--- START ---

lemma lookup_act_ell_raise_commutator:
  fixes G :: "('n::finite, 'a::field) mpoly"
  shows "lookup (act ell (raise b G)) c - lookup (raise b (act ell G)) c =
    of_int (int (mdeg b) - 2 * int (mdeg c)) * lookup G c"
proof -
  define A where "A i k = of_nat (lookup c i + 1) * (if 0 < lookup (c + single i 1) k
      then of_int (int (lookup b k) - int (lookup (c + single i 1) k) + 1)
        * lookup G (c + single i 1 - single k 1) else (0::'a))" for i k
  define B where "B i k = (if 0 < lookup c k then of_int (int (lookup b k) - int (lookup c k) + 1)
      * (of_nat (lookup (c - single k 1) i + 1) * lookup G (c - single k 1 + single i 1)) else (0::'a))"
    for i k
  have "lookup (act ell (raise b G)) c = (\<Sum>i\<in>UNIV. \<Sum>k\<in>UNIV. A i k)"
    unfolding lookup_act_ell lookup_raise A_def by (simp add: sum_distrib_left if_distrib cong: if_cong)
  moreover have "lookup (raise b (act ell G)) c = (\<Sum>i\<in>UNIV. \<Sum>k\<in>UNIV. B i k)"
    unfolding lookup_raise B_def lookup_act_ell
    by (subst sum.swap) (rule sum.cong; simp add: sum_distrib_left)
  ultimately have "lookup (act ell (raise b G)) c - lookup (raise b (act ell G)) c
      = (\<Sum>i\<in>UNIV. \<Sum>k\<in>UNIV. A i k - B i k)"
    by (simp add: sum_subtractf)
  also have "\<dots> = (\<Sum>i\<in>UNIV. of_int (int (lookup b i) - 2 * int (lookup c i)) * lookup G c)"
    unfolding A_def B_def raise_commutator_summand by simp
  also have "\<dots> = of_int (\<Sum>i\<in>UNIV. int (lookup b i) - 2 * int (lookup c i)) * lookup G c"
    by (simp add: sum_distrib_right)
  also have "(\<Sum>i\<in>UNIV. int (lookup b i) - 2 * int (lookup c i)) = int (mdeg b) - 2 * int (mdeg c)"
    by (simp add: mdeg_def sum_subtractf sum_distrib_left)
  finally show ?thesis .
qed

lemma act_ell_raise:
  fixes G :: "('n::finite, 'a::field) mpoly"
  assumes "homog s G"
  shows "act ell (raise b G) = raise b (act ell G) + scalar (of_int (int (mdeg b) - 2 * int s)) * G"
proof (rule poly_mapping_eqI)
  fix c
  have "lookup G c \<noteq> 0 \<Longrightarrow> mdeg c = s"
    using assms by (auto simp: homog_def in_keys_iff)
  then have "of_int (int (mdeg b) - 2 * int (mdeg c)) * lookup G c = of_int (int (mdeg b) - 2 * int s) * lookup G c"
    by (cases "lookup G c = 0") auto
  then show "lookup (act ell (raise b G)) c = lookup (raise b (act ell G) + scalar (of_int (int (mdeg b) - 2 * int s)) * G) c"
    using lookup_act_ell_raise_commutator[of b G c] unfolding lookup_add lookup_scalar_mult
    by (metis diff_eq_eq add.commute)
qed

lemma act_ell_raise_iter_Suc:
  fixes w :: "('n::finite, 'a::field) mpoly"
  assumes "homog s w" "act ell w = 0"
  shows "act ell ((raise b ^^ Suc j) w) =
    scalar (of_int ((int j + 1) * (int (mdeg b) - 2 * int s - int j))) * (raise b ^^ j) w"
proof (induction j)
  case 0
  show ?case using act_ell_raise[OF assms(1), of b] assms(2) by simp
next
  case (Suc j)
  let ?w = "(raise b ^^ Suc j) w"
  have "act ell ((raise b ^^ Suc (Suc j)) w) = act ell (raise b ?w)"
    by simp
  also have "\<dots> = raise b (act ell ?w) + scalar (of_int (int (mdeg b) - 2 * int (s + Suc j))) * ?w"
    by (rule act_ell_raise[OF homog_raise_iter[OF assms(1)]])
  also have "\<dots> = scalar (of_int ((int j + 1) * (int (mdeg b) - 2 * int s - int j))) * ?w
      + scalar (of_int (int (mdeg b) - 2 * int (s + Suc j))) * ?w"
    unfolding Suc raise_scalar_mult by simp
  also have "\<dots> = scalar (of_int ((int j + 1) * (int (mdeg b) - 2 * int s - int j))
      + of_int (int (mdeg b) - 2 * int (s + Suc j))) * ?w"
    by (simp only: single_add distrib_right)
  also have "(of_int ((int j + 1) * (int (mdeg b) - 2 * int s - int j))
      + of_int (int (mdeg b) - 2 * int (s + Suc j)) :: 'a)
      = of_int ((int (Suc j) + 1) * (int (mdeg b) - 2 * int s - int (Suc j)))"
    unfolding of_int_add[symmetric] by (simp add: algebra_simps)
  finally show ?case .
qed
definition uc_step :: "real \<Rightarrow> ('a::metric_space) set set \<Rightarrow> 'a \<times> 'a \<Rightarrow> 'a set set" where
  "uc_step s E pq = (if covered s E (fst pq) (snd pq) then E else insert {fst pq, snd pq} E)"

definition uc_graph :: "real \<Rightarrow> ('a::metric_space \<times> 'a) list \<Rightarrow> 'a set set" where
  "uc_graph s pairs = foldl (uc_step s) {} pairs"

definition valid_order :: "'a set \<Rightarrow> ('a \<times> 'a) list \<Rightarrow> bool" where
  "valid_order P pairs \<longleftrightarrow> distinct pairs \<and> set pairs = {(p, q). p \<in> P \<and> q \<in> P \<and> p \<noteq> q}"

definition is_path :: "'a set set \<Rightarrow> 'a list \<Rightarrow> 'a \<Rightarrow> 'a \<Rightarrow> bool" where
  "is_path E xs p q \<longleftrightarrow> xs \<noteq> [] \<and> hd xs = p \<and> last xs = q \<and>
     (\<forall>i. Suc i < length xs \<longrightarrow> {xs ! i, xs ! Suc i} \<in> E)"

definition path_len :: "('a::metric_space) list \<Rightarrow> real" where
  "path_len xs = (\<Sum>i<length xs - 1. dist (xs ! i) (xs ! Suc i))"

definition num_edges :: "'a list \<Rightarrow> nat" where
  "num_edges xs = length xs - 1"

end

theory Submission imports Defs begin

--- END ---

**Task brief**
Copy out each line of the data exactly.

**Task answer**
lemma lookup_act_ell_raise_commutator:
  fixes G :: "('n::finite, 'a::field) mpoly"
  shows "lookup (act ell (raise b G)) c - lookup (raise b (act ell G)) c =
    of_int (int (mdeg b) - 2 * int (mdeg c)) * lookup G c"
proof -
  define A where "A i k = of_nat (lookup c i + 1) * (if 0 < lookup (c + single i 1) k
      then of_int (int (lookup b k) - int (lookup (c + single i 1) k) + 1)
        * lookup G (c + single i 1 - single k 1) else (0::'a))" for i k
  define B where "B i k = (if 0 < lookup c k then of_int (int (lookup b k) - int (lookup c k) + 1)
      * (of_nat (lookup (c - single k 1) i + 1) * lookup G (c - single k 1 + single i 1)) else (0::'a))"
    for i k
  have "lookup (act ell (raise b G)) c = (\<Sum>i\<in>UNIV. \<Sum>k\<in>UNIV. A i k)"
    unfolding lookup_act_ell lookup_raise A_def by (simp add: sum_distrib_left if_distrib cong: if_cong)
  moreover have "lookup (raise b (act ell G)) c = (\<Sum>i\<in>UNIV. \<Sum>k\<in>UNIV. B i k)"
    unfolding lookup_raise B_def lookup_act_ell
    by (subst sum.swap) (rule sum.cong; simp add: sum_distrib_left)
  ultimately have "lookup (act ell (raise b G)) c - lookup (raise b (act ell G)) c
      = (\<Sum>i\<in>UNIV. \<Sum>k\<in>UNIV. A i k - B i k)"
    by (simp add: sum_subtractf)
  also have "\<dots> = (\<Sum>i\<in>UNIV. of_int (int (lookup b i) - 2 * int (lookup c i)) * lookup G c)"
    unfolding A_def B_def raise_commutator_summand by simp
  also have "\<dots> = of_int (\<Sum>i\<in>UNIV. int (lookup b i) - 2 * int (lookup c i)) * lookup G c"
    by (simp add: sum_distrib_right)
  also have "(\<Sum>i\<in>UNIV. int (lookup b i) - 2 * int (lookup c i)) = int (mdeg b) - 2 * int (mdeg c)"
    by (simp add: mdeg_def sum_subtractf sum_distrib_left)
  finally show ?thesis .
qed

lemma act_ell_raise:
  fixes G :: "('n::finite, 'a::field) mpoly"
  assumes "homog s G"
  shows "act ell (raise b G) = raise b (act ell G) + scalar (of_int (int (mdeg b) - 2 * int s)) * G"
proof (rule poly_mapping_eqI)
  fix c
  have "lookup G c \<noteq> 0 \<Longrightarrow> mdeg c = s"
    using assms by (auto simp: homog_def in_keys_iff)
  then have "of_int (int (mdeg b) - 2 * int (mdeg c)) * lookup G c = of_int (int (mdeg b) - 2 * int s) * lookup G c"
    by (cases "lookup G c = 0") auto
  then show "lookup (act ell (raise b G)) c = lookup (raise b (act ell G) + scalar (of_int (int (mdeg b) - 2 * int s)) * G) c"
    using lookup_act_ell_raise_commutator[of b G c] unfolding lookup_add lookup_scalar_mult
    by (metis diff_eq_eq add.commute)
qed

lemma act_ell_raise_iter_Suc:
  fixes w :: "('n::finite, 'a::field) mpoly"
  assumes "homog s w" "act ell w = 0"
  shows "act ell ((raise b ^^ Suc j) w) =
    scalar (of_int ((int j + 1) * (int (mdeg b) - 2 * int s - int j))) * (raise b ^^ j) w"
proof (induction j)
  case 0
  show ?case using act_ell_raise[OF assms(1), of b] assms(2) by simp
next
  case (Suc j)
  let ?w = "(raise b ^^ Suc j) w"
  have "act ell ((raise b ^^ Suc (Suc j)) w) = act ell (raise b ?w)"
    by simp
  also have "\<dots> = raise b (act ell ?w) + scalar (of_int (int (mdeg b) - 2 * int (s + Suc j))) * ?w"
    by (rule act_ell_raise[OF homog_raise_iter[OF assms(1)]])
  also have "\<dots> = scalar (of_int ((int j + 1) * (int (mdeg b) - 2 * int s - int j))) * ?w
      + scalar (of_int (int (mdeg b) - 2 * int (s + Suc j))) * ?w"
    unfolding Suc raise_scalar_mult by simp
  also have "\<dots> = scalar (of_int ((int j + 1) * (int (mdeg b) - 2 * int s - int j))
      + of_int (int (mdeg b) - 2 * int (s + Suc j))) * ?w"
    by (simp only: single_add distrib_right)
  also have "(of_int ((int j + 1) * (int (mdeg b) - 2 * int s - int j))
      + of_int (int (mdeg b) - 2 * int (s + Suc j)) :: 'a)
      = of_int ((int (Suc j) + 1) * (int (mdeg b) - 2 * int s - int (Suc j)))"
    unfolding of_int_add[symmetric] by (simp add: algebra_simps)
  finally show ?case .
qed
definition uc_step :: "real \<Rightarrow> ('a::metric_space) set set \<Rightarrow> 'a \<times> 'a \<Rightarrow> 'a set set" where
  "uc_step s E pq = (if covered s E (fst pq) (snd pq) then E else insert {fst pq, snd pq} E)"

definition uc_graph :: "real \<Rightarrow> ('a::metric_space \<times> 'a) list \<Rightarrow> 'a set set" where
  "uc_graph s pairs = foldl (uc_step s) {} pairs"

definition valid_order :: "'a set \<Rightarrow> ('a \<times> 'a) list \<Rightarrow> bool" where
  "valid_order P pairs \<longleftrightarrow> distinct pairs \<and> set pairs = {(p, q). p \<in> P \<and> q \<in> P \<and> p \<noteq> q}"

definition is_path :: "'a set set \<Rightarrow> 'a list \<Rightarrow> 'a \<Rightarrow> 'a \<Rightarrow> bool" where
  "is_path E xs p q \<longleftrightarrow> xs \<noteq> [] \<and> hd xs = p \<and> last xs = q \<and>
     (\<forall>i. Suc i < length xs \<longrightarrow> {xs ! i, xs ! Suc i} \<in> E)"

definition path_len :: "('a::metric_space) list \<Rightarrow> real" where
  "path_len xs = (\<Sum>i<length xs - 1. dist (xs ! i) (xs ! Suc i))"

definition num_edges :: "'a list \<Rightarrow> nat" where
  "num_edges xs = length xs - 1"

end

theory Submission imports Defs begin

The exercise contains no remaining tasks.